**Description of the task**
Beginning at the line that includes "unfolding mu1_def by", print each remaining line of the data word for word. Output nothing else.

**Data items**
......

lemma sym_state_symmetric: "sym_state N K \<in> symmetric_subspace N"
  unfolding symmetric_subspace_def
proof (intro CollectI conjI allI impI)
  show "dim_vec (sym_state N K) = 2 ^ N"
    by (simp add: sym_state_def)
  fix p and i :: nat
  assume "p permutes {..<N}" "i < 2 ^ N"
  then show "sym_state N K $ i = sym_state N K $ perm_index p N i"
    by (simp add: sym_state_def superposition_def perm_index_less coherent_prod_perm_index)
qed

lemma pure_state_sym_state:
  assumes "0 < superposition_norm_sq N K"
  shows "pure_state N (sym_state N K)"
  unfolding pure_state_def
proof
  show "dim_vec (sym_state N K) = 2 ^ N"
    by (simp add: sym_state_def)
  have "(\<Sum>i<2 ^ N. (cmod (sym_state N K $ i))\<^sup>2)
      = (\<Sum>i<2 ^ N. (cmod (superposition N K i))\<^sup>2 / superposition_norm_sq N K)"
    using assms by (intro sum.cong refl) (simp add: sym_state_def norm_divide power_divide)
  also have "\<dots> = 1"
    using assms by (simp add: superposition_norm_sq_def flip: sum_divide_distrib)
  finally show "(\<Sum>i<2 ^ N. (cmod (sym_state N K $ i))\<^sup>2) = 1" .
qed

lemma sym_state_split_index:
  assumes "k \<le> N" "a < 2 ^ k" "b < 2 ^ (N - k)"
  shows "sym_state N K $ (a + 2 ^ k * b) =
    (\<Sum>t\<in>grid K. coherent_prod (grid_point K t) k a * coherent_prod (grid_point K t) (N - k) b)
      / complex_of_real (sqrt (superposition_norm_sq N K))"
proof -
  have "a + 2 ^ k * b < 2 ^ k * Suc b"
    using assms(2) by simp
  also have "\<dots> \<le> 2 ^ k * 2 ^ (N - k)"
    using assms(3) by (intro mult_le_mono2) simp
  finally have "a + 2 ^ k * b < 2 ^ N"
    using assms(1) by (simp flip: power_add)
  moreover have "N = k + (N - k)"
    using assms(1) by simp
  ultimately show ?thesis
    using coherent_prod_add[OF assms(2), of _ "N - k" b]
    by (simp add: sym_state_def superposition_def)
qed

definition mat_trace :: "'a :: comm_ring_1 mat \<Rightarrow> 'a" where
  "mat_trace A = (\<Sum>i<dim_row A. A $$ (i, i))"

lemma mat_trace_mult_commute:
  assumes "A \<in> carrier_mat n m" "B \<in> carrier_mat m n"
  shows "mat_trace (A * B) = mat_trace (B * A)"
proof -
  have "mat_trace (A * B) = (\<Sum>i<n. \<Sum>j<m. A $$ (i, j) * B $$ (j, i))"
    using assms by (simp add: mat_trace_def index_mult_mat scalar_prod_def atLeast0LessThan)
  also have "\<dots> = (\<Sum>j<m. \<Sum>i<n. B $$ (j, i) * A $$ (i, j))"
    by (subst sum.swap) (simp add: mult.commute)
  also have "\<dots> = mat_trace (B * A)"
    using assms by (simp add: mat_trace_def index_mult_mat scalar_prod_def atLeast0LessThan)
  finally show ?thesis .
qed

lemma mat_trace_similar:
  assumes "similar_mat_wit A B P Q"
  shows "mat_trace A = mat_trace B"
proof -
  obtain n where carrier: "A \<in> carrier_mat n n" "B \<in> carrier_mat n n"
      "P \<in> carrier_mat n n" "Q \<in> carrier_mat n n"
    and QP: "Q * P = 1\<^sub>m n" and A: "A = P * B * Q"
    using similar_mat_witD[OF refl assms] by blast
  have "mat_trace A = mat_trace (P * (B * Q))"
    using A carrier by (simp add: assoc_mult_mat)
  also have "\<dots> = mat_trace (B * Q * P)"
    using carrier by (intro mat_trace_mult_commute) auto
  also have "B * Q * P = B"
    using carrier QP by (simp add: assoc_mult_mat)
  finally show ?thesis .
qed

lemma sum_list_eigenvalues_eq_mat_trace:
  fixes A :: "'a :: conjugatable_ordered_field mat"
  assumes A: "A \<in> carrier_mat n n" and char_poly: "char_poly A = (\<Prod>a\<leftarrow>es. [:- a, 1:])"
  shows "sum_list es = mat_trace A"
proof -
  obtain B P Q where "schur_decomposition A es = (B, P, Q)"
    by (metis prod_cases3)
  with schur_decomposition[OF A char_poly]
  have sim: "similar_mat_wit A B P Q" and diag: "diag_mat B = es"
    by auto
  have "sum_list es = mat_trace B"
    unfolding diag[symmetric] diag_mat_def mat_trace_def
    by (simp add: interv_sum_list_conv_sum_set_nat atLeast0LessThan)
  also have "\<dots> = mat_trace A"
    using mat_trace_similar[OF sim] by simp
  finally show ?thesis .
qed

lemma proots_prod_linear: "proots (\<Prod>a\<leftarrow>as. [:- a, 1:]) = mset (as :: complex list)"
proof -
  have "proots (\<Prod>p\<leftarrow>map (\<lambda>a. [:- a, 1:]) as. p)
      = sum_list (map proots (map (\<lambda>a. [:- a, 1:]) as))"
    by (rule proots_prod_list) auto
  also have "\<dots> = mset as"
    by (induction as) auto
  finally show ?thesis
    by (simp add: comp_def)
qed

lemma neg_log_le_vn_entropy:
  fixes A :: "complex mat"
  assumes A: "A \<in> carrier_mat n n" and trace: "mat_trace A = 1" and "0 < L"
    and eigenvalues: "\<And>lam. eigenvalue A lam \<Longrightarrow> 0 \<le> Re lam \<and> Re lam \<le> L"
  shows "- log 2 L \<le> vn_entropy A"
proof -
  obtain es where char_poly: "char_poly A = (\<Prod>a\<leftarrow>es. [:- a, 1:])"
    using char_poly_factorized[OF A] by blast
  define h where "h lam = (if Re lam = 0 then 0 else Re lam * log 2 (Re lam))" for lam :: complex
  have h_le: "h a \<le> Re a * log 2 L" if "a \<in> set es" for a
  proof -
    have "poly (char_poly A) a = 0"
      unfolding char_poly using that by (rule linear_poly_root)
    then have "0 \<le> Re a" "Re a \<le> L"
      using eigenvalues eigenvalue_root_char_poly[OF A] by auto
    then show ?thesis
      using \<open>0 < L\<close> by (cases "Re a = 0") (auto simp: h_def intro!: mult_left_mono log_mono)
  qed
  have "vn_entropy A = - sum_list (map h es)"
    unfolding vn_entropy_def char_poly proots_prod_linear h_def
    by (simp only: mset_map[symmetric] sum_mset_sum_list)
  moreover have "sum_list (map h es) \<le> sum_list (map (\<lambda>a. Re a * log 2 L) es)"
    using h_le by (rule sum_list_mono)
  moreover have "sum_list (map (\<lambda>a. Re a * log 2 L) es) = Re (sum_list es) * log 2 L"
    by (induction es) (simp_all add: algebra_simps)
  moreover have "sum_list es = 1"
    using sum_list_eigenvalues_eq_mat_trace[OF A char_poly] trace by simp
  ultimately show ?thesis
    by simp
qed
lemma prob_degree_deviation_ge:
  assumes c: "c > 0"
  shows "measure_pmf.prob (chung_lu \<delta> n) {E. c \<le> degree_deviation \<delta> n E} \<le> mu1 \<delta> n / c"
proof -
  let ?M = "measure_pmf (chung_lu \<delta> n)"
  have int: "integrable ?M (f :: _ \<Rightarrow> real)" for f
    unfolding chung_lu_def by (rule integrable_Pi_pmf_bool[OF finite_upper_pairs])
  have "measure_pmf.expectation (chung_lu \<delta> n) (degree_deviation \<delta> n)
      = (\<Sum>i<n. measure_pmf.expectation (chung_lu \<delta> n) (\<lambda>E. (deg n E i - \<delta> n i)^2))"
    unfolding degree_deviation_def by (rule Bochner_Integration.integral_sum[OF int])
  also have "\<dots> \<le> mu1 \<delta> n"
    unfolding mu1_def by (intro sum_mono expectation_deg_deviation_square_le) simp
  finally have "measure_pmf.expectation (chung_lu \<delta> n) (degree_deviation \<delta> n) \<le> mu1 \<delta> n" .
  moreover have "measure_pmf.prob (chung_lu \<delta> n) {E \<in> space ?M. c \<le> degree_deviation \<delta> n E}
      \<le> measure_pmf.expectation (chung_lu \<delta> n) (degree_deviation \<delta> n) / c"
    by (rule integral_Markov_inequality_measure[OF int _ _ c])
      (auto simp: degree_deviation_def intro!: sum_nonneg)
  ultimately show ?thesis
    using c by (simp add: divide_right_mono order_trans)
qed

......

**Expected answer**
    unfolding mu1_def by (intro sum_mono expectation_deg_deviation_square_le) simp
  finally have "measure_pmf.expectation (chung_lu \<delta> n) (degree_deviation \<delta> n) \<le> mu1 \<delta> n" .
  moreover have "measure_pmf.prob (chung_lu \<delta> n) {E \<in> space ?M. c \<le> degree_deviation \<delta> n E}
      \<le> measure_pmf.expectation (chung_lu \<delta> n) (degree_deviation \<delta> n) / c"
    by (rule integral_Markov_inequality_measure[OF int _ _ c])
      (auto simp: degree_deviation_def intro!: sum_nonneg)
  ultimately show ?thesis
    using c by (simp add: divide_right_mono order_trans)
qed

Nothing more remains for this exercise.